Lewy-body pathology with aggregation of abnormal conformations of the protein alpha-synuclein (α-Syn) represent the histopathological hallmarks of Parkinson’s disease (PD). Genetic prototypes such as PD due to mutations in the alpha-synuclein gene (SNCA) offer the opportunity to evaluate α-Syn-related profiles in patient-derived biomaterial. We identified a family with a SNCA triplication and assessed the index patient for CSF α-Syn seeding capacity and levels of total α-Syn along with other neurodegenerative CSF markers (Aβ_1-42, total-Tau, phospho-Tau, NFL). As no published CSF data in patients with SNCA triplication are available, we descriptively compared his CSF profiles to those of sporadic PD patients and PD patients with GBA mutations as these are also specifically associated with prominent α-Syn pathology. Additionally, skin biopsies with staining for phospho-α-Syn were done. To assess cerebral glucose metabolism and brain atrophy combined positron emission tomography and magnetic resonance imaging ([¹⁸F]FDG-PET/MRI) was performed. Age at onset was 24 years and motor impairment was accompanied by prominent non-motor symptoms with early development of dementia, depression, REM sleep behavior disorder, hyposmia, and dysautonomia. Correspondingly, PET-MRI showed hypometabolism and atrophy in frontal, temporoparietal and occipital regions. CSF levels of total α-Syn were threefold higher and RT-QuIC showed remarkable α-Syn seeding activity in all kinetic categories in the SNCA_Triplication patient compared to patients with GBA mutations. Our results are consistent with findings that not only mutant forms but also overexpression of the wild-type α-Syn protein lead to PD and PD dementia and show a striking CSF α-Syn seeding profile, thus substantiating the role of RT-QuIC as a specific in vivo biomarker of α-Syn brain pathology.

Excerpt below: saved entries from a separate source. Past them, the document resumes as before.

(* Let $\mathbb{K}$ be an algebraically closed field of characteristic $2$, $n\geq2$, $\mathfrak{g}=\mathfrak{vect}^{(1)}(1;\underline{n})$, and let $u\in\mathcal{O}(1;\underline{n})$ be a linear combination of the elements $x^{(2j)}$ with $j\geq1$ (i.e. $u$ has only even divided powers and zero constant term). Then the even part of the Lie superalgebra $S(\mathfrak{g}^{<1>})$ associated with the $\mathbb{Z}/2$-grading of $\mathfrak{g}$ defined by $D_u=(u+x+xu\,\partial^2u)\partial$ is a solvable Lie algebra.
   Context: $\mathcal{O}(1;\underline{n})$ is the divided power algebra with basis $x^{(r)}$, $0\leq r<2^n$, $x^{(r)}x^{(s)}=\binom{r+s}{r}x^{(r+s)}$ (zero if $r+s\geq2^n$), $\partial x^{(k)}=x^{(k-1)}$. $\mathfrak{vect}(1;\underline{n})=\{f\partial\}$ with commutator bracket; $\mathfrak{g}=\mathfrak{vect}^{(1)}(1;\underline{n})$ is its derived algebra. The operator $U:X\mapsto[D_u,X]$ maps $\mathfrak{g}$ to itself with $U^2=U$; the grading it defines is $\mathfrak{g}_{\bar1}=\mathrm{Im}\,U$, $\mathfrak{g}_{\bar0}=\mathrm{Ker}\,U$. For this grading, $\mathfrak{g}^{<1>}$ is the smallest Lie subalgebra of $\mathrm{Der}\,\mathfrak{g}$ containing $\mathrm{ad}\,\mathfrak{g}$ and all $(\mathrm{ad}_y)^2$, $y\in\mathfrak{g}_{\bar1}$; its even part (derivations preserving $\mathfrak{g}_{\bar0}$ and $\mathfrak{g}_{\bar1}$) is the even part of $S(\mathfrak{g}^{<1>})$, the Lie superalgebra on $\mathfrak{g}^{<1>}$ with odd part $\mathfrak{g}_{\bar1}$ and squaring $y\mapsto(\mathrm{ad}_y)^2$. *)

theory Defs
  imports "HOL-Computational_Algebra.Polynomial"
begin

text \<open>Divided power algebra O(1;n): an element is represented by its coefficient
  function f, where f r is the coefficient of x^(r); elements of O(1;n) are those
  with f r = 0 for r \<ge> 2^n.  A vector field f\<partial> is represented by f.\<close>

definition dpO :: "nat \<Rightarrow> (nat \<Rightarrow> 'a::field) set" where
  "dpO n = {f. \<forall>r\<ge>2^n. f r = 0}"

definition dp_mult :: "nat \<Rightarrow> (nat \<Rightarrow> 'a::field) \<Rightarrow> (nat \<Rightarrow> 'a) \<Rightarrow> nat \<Rightarrow> 'a" where
  "dp_mult n f g = (\<lambda>k. if k < 2^n then (\<Sum>r\<le>k. of_nat (k choose r) * f r * g (k - r)) else 0)"

definition dp_deriv :: "nat \<Rightarrow> (nat \<Rightarrow> 'a::field) \<Rightarrow> nat \<Rightarrow> 'a" where
  "dp_deriv n f = (\<lambda>k. if k + 1 < 2^n then f (k + 1) else 0)"

definition dp_x :: "nat \<Rightarrow> 'a::field" where
  "dp_x = (\<lambda>k. if k = 1 then 1 else 0)"

definition vect :: "nat \<Rightarrow> (nat \<Rightarrow> 'a::field) set" where
  "vect n = dpO n"

definition vbr :: "nat \<Rightarrow> (nat \<Rightarrow> 'a::field) \<Rightarrow> (nat \<Rightarrow> 'a) \<Rightarrow> nat \<Rightarrow> 'a" where
  "vbr n f g = (\<lambda>k. dp_mult n f (dp_deriv n g) k - dp_mult n g (dp_deriv n f) k)"

inductive_set lin_span :: "('b \<Rightarrow> 'a::field) set \<Rightarrow> ('b \<Rightarrow> 'a) set" for S where
  zero: "(\<lambda>_. 0) \<in> lin_span S"
| base: "v \<in> S \<Longrightarrow> v \<in> lin_span S"
| add: "v \<in> lin_span S \<Longrightarrow> w \<in> lin_span S \<Longrightarrow> (\<lambda>k. v k + w k) \<in> lin_span S"
| smult: "v \<in> lin_span S \<Longrightarrow> (\<lambda>k. c * v k) \<in> lin_span S"

definition vect1 :: "nat \<Rightarrow> (nat \<Rightarrow> 'a::field) set" where
  "vect1 n = lin_span {vbr n f g | f g. f \<in> vect n \<and> g \<in> vect n}"

definition D_u :: "nat \<Rightarrow> (nat \<Rightarrow> 'a::field) \<Rightarrow> nat \<Rightarrow> 'a" where
  "D_u n u = (\<lambda>k. u k + dp_x k +
     dp_mult n dp_x (dp_mult n u (dp_deriv n (dp_deriv n u))) k)"

text \<open>The grading defined by U = ad D_u on g: g_1 = Im U, g_0 = Ker U.\<close>
definition gr_odd :: "nat \<Rightarrow> (nat \<Rightarrow> 'a::field) \<Rightarrow> (nat \<Rightarrow> 'a) set" where
  "gr_odd n u = {vbr n (D_u n u) X | X. X \<in> vect1 n}"

definition gr_even :: "nat \<Rightarrow> (nat \<Rightarrow> 'a::field) \<Rightarrow> (nat \<Rightarrow> 'a) set" where
  "gr_even n u = {X \<in> vect1 n. vbr n (D_u n u) X = (\<lambda>_. 0)}"

text \<open>Endomorphisms of g are represented as maps on coefficient functions that
  vanish outside g (so that equality of functions is equality of endomorphisms).\<close>
type_synonym 'a endo = "(nat \<Rightarrow> 'a) \<Rightarrow> nat \<Rightarrow> 'a"

definition endo_zero :: "'a::field endo" where
  "endo_zero = (\<lambda>X k. 0)"

definition endo_comp :: "'a::field endo \<Rightarrow> 'a endo \<Rightarrow> 'a endo" where
  "endo_comp D E = (\<lambda>X. D (E X))"

definition endo_br :: "'a::field endo \<Rightarrow> 'a endo \<Rightarrow> 'a endo" where
  "endo_br D E = (\<lambda>X k. D (E X) k - E (D X) k)"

具有蛋白质 α-突触核蛋白 (α-Syn) 异常构象聚集的路易体病理学代表帕金森病 (PD) 的组织病理学特征。由于α-突触核蛋白基因 ( SNCA ) 的突变导致的遗传原型（例如 PD ）为评估患者衍生的生物材料中的 α-Syn 相关谱提供了机会。我们确定了一个具有SNCA 三倍体的家族，并评估了指标患者的 CSF α-Syn 播种能力和总 α-Syn 水平以及其他神经退行性 CSF 标志物（Aβ _1-42、总 Tau、磷酸化 Tau、NFL）。由于没有发表SNCA患者的 CSF 数据由于存在三倍体，我们将他的 CSF 特征与散发性 PD 患者和具有GBA突变的 PD 患者进行了描述性比较，因为这些也与突出的 α-Syn 病理学特别相关。此外，还进行了带有磷酸-α-Syn 染色的皮肤活检。评估脑葡萄糖代谢和脑萎缩联合正电子发射断层扫描和磁共振成像（[ ¹⁸F]FDG-PET/MRI)进行。发病年龄为 24 岁，运动障碍伴有明显的非运动症状，早期发展为痴呆、抑郁、REM 睡眠行为障碍、嗅觉减退和自主神经功能障碍。相应地，PET-MRI显示额叶、颞顶叶和枕叶区域代谢减退和萎缩。与GBA患者相比， SNCA _Triplication患者的 CSF 总 α-Syn 水平高出三倍，RT-QuIC 在所有动力学类别中均显示出显着的 α-Syn 播种活性突变。我们的结果与以下发现一致，即不仅突变形式而且野生型 α-Syn 蛋白的过表达导致 PD 和 PD 痴呆，并显示出惊人的 CSF α-Syn 播种特征，从而证实了 RT-QuIC 作为一种α-Syn 脑病理学的特异性体内生物标志物。